Simon, once a troubled youth turn adventure seeker, is now a barista trying to get a spooky website off the ground. The cofounder, Thierry, sends Simon spelunking in search of three bodies left behind in a cave, Cwm Pot. Guided by the unbalanced Ed, they find the bodies, just as a flash flood traps him with the bones. The intense cold and darkness, along with Ed’s corpse, terrorize Simon, but he makes it out alive with his film footage intact. The footage goes viral, against Simon’s wishes, leaving Thierry wondering how to top it. He decides on a literal approach, and sends Simon to climb Mt. Everest to film the climbers who perished in the attempt. Once there, Simon realizes he didn’t escape the cave alone, nor is he the only one haunted.
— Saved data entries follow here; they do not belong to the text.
lemma i_pow_wt_add:
  "\<i> ^ wt n \<alpha> (x + y) = \<i> ^ wt n \<alpha> x * \<i> ^ wt n \<alpha> y * sgn2 (tr n (x * y))"
proof -
  let ?X = "coord_set x" and ?Y = "coord_set y"
  have "card (coord_set (x + y)) + 2 * card (?X \<inter> ?Y) = card ?X + card ?Y"
    unfolding coord_set_add by (rule card_symdiff) simp_all
  then have "\<i> ^ card ?X * \<i> ^ card ?Y = \<i> ^ card (coord_set (x + y)) * (-1) ^ card (?X \<inter> ?Y)"
    by (metis power_add power_mult power2_i)
  then show ?thesis
    by (simp add: wt_eq_card tr_mult_eq_card sgn2_of_nat field_simps power_add[symmetric]
        flip: power2_eq_square power_mult)
qed

lemma additive_character_eq_sgn2_tr:
  fixes \<chi> :: "'a \<Rightarrow> complex"
  assumes mult: "\<And>x y. \<chi> (x + y) = \<chi> x * \<chi> y" and nonzero: "\<And>x. \<chi> x \<noteq> 0"
  obtains c where "\<And>x. \<chi> x = sgn2 (tr n (c * x))"
proof -
  define \<Lambda> where "\<Lambda> = {i. i < n \<and> \<chi> (\<alpha> i) = -1}"
  have "\<chi> 0 = 1" using mult[of 0 0] nonzero[of 0] by simp
  then have sign: "\<chi> x = 1 \<or> \<chi> x = -1" for x
    using mult[of x x] by (simp flip: power2_eq_square add: power2_eq_1_iff)
  have basis_prod: "\<chi> (basis_sum S) = (\<Prod>i\<in>S. \<chi> (\<alpha> i))" if "finite S" for S
    using that \<open>\<chi> 0 = 1\<close> by (induction S rule: finite_induct) (simp_all add: basis_sum_def mult)
  have coord_set_\<Lambda>: "coord_set (basis_sum \<Lambda>) = \<Lambda>"
    by (rule coord_set_basis_sum) (auto simp: \<Lambda>_def)
  have "\<chi> x = sgn2 (tr n (basis_sum \<Lambda> * x))" for x
  proof -
    have "\<chi> x = (\<Prod>i\<in>coord_set x. \<chi> (\<alpha> i))"
      using basis_prod[of "coord_set x"] by simp
    also have "\<dots> = (\<Prod>i\<in>coord_set x. if i \<in> \<Lambda> then -1 else 1)"
      using sign by (intro prod.cong) (auto simp: \<Lambda>_def coord_set_def)
    also have "\<dots> = (-1) ^ card (coord_set x \<inter> \<Lambda>)"
      by (simp add: prod.If_cases Int_def)
    also have "\<dots> = sgn2 (tr n (basis_sum \<Lambda> * x))"
      by (simp add: tr_mult_eq_card sgn2_of_nat coord_set_\<Lambda> Int_commute)
    finally show ?thesis .
  qed
  then show thesis by (rule that)
qed

end

locale gf2n_even = gf2n +
  assumes even_n: "even n"
begin

lemma n_eq_half_add_half: "n = n div 2 + n div 2"
  using even_n by auto

lemma half_pos: "n div 2 \<ge> 1"
  using n_pos even_n by (auto elim!: evenE)

lemma add_power_2_pow_add_one:
  "((x::'a) + y) ^ (2 ^ i + 1)
     = x ^ (2 ^ i + 1) + y ^ (2 ^ i + 1) + (x ^ (2 ^ i) * y + x * y ^ (2 ^ i))"
  by (simp add: power_add add_power_2_pow algebra_simps)

lemma tr_power_2_pow_mult:
  assumes "i \<le> n"
  shows "tr n ((x::'a) ^ (2 ^ i) * y) = tr n (x * y ^ (2 ^ (n - i)))"
proof -
  have "tr n (x ^ (2 ^ i) * y) = tr n ((x ^ (2 ^ i) * y) ^ (2 ^ (n - i)))"
    by (rule tr_n_power_2_pow[symmetric])
  also have "(x ^ (2 ^ i) * y) ^ (2 ^ (n - i)) = x ^ (2 ^ (i + (n - i))) * y ^ (2 ^ (n - i))"
    by (simp add: power_mult_distrib power_mult[symmetric] power_add)
  finally show ?thesis using assms by simp
qed

lemma tr_half_power_half_add_one: "tr (n div 2) ((x::'a) ^ (2 ^ (n div 2) + 1)) \<in> {0, 1}"
proof (rule tr_in_bits)
  have "(x ^ (2 ^ (n div 2) + 1)) ^ (2 ^ (n div 2)) = x ^ (2 ^ n) * x ^ (2 ^ (n div 2))"
    by (subst (2) n_eq_half_add_half)
      (simp add: power_mult[symmetric] power_add algebra_simps)
  then show "(x ^ (2 ^ (n div 2) + 1)) ^ (2 ^ (n div 2)) = x ^ (2 ^ (n div 2) + 1)"
    by (simp add: power_add)
qed

lemma Qfun_in_bits [simp]: "Qfun n (x::'a) \<in> {0, 1}"
  unfolding Qfun_def by (intro bits_add bits_sum tr_n_in_bits tr_half_power_half_add_one)

text \<open>For $n = 2m$, $(x^{2^m} y)^{2^k} = (x y^{2^m})^{2^{m+k}}$: the half trace of $x^{2^m} y$
  supplies the missing half of $Tr_1^n(x y^{2^m})$.\<close>
lemma tr_half_cross_term:
  "tr (n div 2) ((x::'a) ^ (2 ^ (n div 2)) * y + x * y ^ (2 ^ (n div 2)))
     = tr n (x * y ^ (2 ^ (n div 2)))"
proof -
  define m where "m = n div 2"
  define w where "w = x * y ^ (2 ^ m)"
  have "(x ^ (2 ^ m) * y) ^ (2 ^ k) = w ^ (2 ^ (m + k))" for k
  proof -
    have "y ^ (2 ^ (m + (m + k))) = y ^ (2 ^ k)"
      using power_2_pow_n_add[of y k] n_eq_half_add_half by (simp add: m_def add.assoc[symmetric])
    then show ?thesis
      by (simp add: w_def power_mult_distrib power_mult[symmetric] power_add mult.commute)
  qed
  then have "tr m (x ^ (2 ^ m) * y) = (\<Sum>k<m. w ^ (2 ^ (m + k)))"
    by (simp add: tr_def)
  moreover have "tr n w = tr m w + (\<Sum>k<m. w ^ (2 ^ (m + k)))"
    unfolding tr_def m_def by (subst n_eq_half_add_half) (simp add: sum_split_add)
  ultimately show ?thesis
    by (simp add: tr_add w_def m_def add.commute)
qed

lemma sum_tr_mult_conjugates:
  "(\<Sum>j\<in>{1..<n}. tr n ((x::'a) * y ^ (2 ^ j))) = tr n x * tr n y + tr n (x * y)"
proof -
  have "tr n y = y + (\<Sum>j\<in>{1..<n}. y ^ (2 ^ j))"
    using n_pos sum.atLeast_Suc_lessThan[of 0 n "\<lambda>j. y ^ (2 ^ j)"]
    by (simp add: tr_def atLeast0LessThan)
  then have conjugates: "(\<Sum>j\<in>{1..<n}. y ^ (2 ^ j)) = tr n y + y"
    by (metis add.left_commute add_self add.right_neutral)
  have "(\<Sum>j\<in>{1..<n}. tr n (x * y ^ (2 ^ j))) = tr n (x * (tr n y + y))"
    by (simp add: tr_sum sum_distrib_left flip: conjugates)
  also have "\<dots> = tr n x * tr n y + tr n (x * y)"
    using tr_mult_bit[OF tr_n_in_bits[of y], of n x]
    by (simp add: distrib_left tr_add mult.commute)
  finally show ?thesis .
qed

lemma Qfun_add:
  "Qfun n ((x::'a) + y) = Qfun n x + Qfun n y + tr n x * tr n y + tr n (x * y)"
proof -
  define m where "m = n div 2"
  define c where "c j = tr n (x * y ^ (2 ^ j))" for j
  define S where "S z = (\<Sum>i\<in>{1..<m}. tr n (z ^ (2 ^ i + 1)))" for z :: 'a
  define H where "H z = tr m (z ^ (2 ^ m + 1))" for z :: 'a
  have "(\<Sum>i\<in>{1..<m}. tr n (x ^ (2 ^ i) * y)) = (\<Sum>i\<in>{1..<m}. c (n - i))"
    using n_eq_half_add_half by (intro sum.cong) (auto simp: c_def m_def tr_power_2_pow_mult)
  also have "\<dots> = (\<Sum>j\<in>{m+1..<n}. c j)"
    by (rule sum.reindex_bij_witness[where i = "\<lambda>j. n - j" and j = "\<lambda>i. n - i"])
      (use n_eq_half_add_half in \<open>auto simp: m_def\<close>)
  finally have "S (x + y) = S x + S y + (\<Sum>j\<in>{1..<m}. c j) + (\<Sum>j\<in>{m+1..<n}. c j)"
    unfolding S_def add_power_2_pow_add_one by (simp add: tr_add sum.distrib c_def)
  moreover have "H (x + y) = H x + H y + c m"
    using tr_half_cross_term[of x y] unfolding H_def add_power_2_pow_add_one
    by (simp add: tr_add c_def m_def)
  moreover have "(\<Sum>j\<in>{1..<m}. c j) + c m + (\<Sum>j\<in>{m+1..<n}. c j)
          = (\<Sum>j\<in>{1..<m}. c j) + (\<Sum>j\<in>{m..<n}. c j)"
    using half_pos n_eq_half_add_half by (subst (2) sum.atLeast_Suc_lessThan) (auto simp: m_def)
  moreover have "\<dots> = (\<Sum>j\<in>{1..<n}. c j)"
    using half_pos n_eq_half_add_half by (intro sum.atLeastLessThan_concat) (auto simp: m_def)
  moreover have "\<dots> = tr n x * tr n y + tr n (x * y)"
    unfolding c_def by (rule sum_tr_mult_conjugates)
  moreover have "Qfun n z = S z + H z" for z
    by (simp add: Qfun_def S_def H_def m_def)
  ultimately show ?thesis
    by (simp add: algebra_simps)
qed

end

locale gf2n_even_self_dual = gf2n_self_dual n \<alpha> + gf2n_even n
  for n :: nat and \<alpha> :: "nat \<Rightarrow> 'a::{field,finite}"
begin

definition omega :: "'a \<Rightarrow> complex" where
  "omega x = (if tr n x = 0 then 1 else \<i>)"

lemma omega_eq_combination: "omega x = (1 + \<i>) / 2 + (1 - \<i>) / 2 * sgn2 (tr n x)"
  using tr_n_in_bits[of x] by (auto simp: omega_def sgn2_def field_simps)

lemma omega_nonzero [simp]: "omega x \<noteq> 0"
  by (simp add: omega_def)

lemma sgn2_Qfun_omega_add:
  "sgn2 (Qfun n (x + y)) * omega (x + y)
     = sgn2 (Qfun n x) * omega x * (sgn2 (Qfun n y) * omega y) * sgn2 (tr n (x * y))"
proof -
  have "omega (x + y) = omega x * omega y * sgn2 (tr n x * tr n y)"
    using tr_n_in_bits[of x] tr_n_in_bits[of y] one_add_one_eq_zero
    by (auto simp: omega_def tr_add sgn2_def)
  moreover have "sgn2 (Qfun n (x + y))
      = sgn2 (Qfun n x) * sgn2 (Qfun n y) * sgn2 (tr n x * tr n y) * sgn2 (tr n (x * y))"
    unfolding Qfun_add by (simp only: sgn2_add bits_add bits_mult Qfun_in_bits tr_n_in_bits)
  moreover have "sgn2 (tr n x * tr n y) * sgn2 (tr n x * tr n y) = 1"
    by (simp add: sgn2_def)
  ultimately show ?thesis
    by (simp add: mult_ac)
qed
“I met the man who would save my life twice—and ultimately destroy it—on a potholed road in the arse-end of the Welsh countryside.”
With an opening line that foreboding, I was hooked. Sarah Lotz’s latest novel, The White Road, tells the tale of a doomed Simon, his ill-fated exploits, and the true weight of guilt. Lotz’s prose, though standard, is visceral and compulsory, and she absolutely nails the claustrophobic atmosphere. Both the beginning and end of the novel are excellent, and though it lags in the middle, it’s worth the journey to complete the whole thing. If you’re looking for an easy page turner* with an ending that will haunt you, give The White Road a try.
*You really do have to overlook how heinously underqualified Simon is to be climbing Everest.
**I received a copy of this novel in exchange for my honest opinion, thank you Mulholland!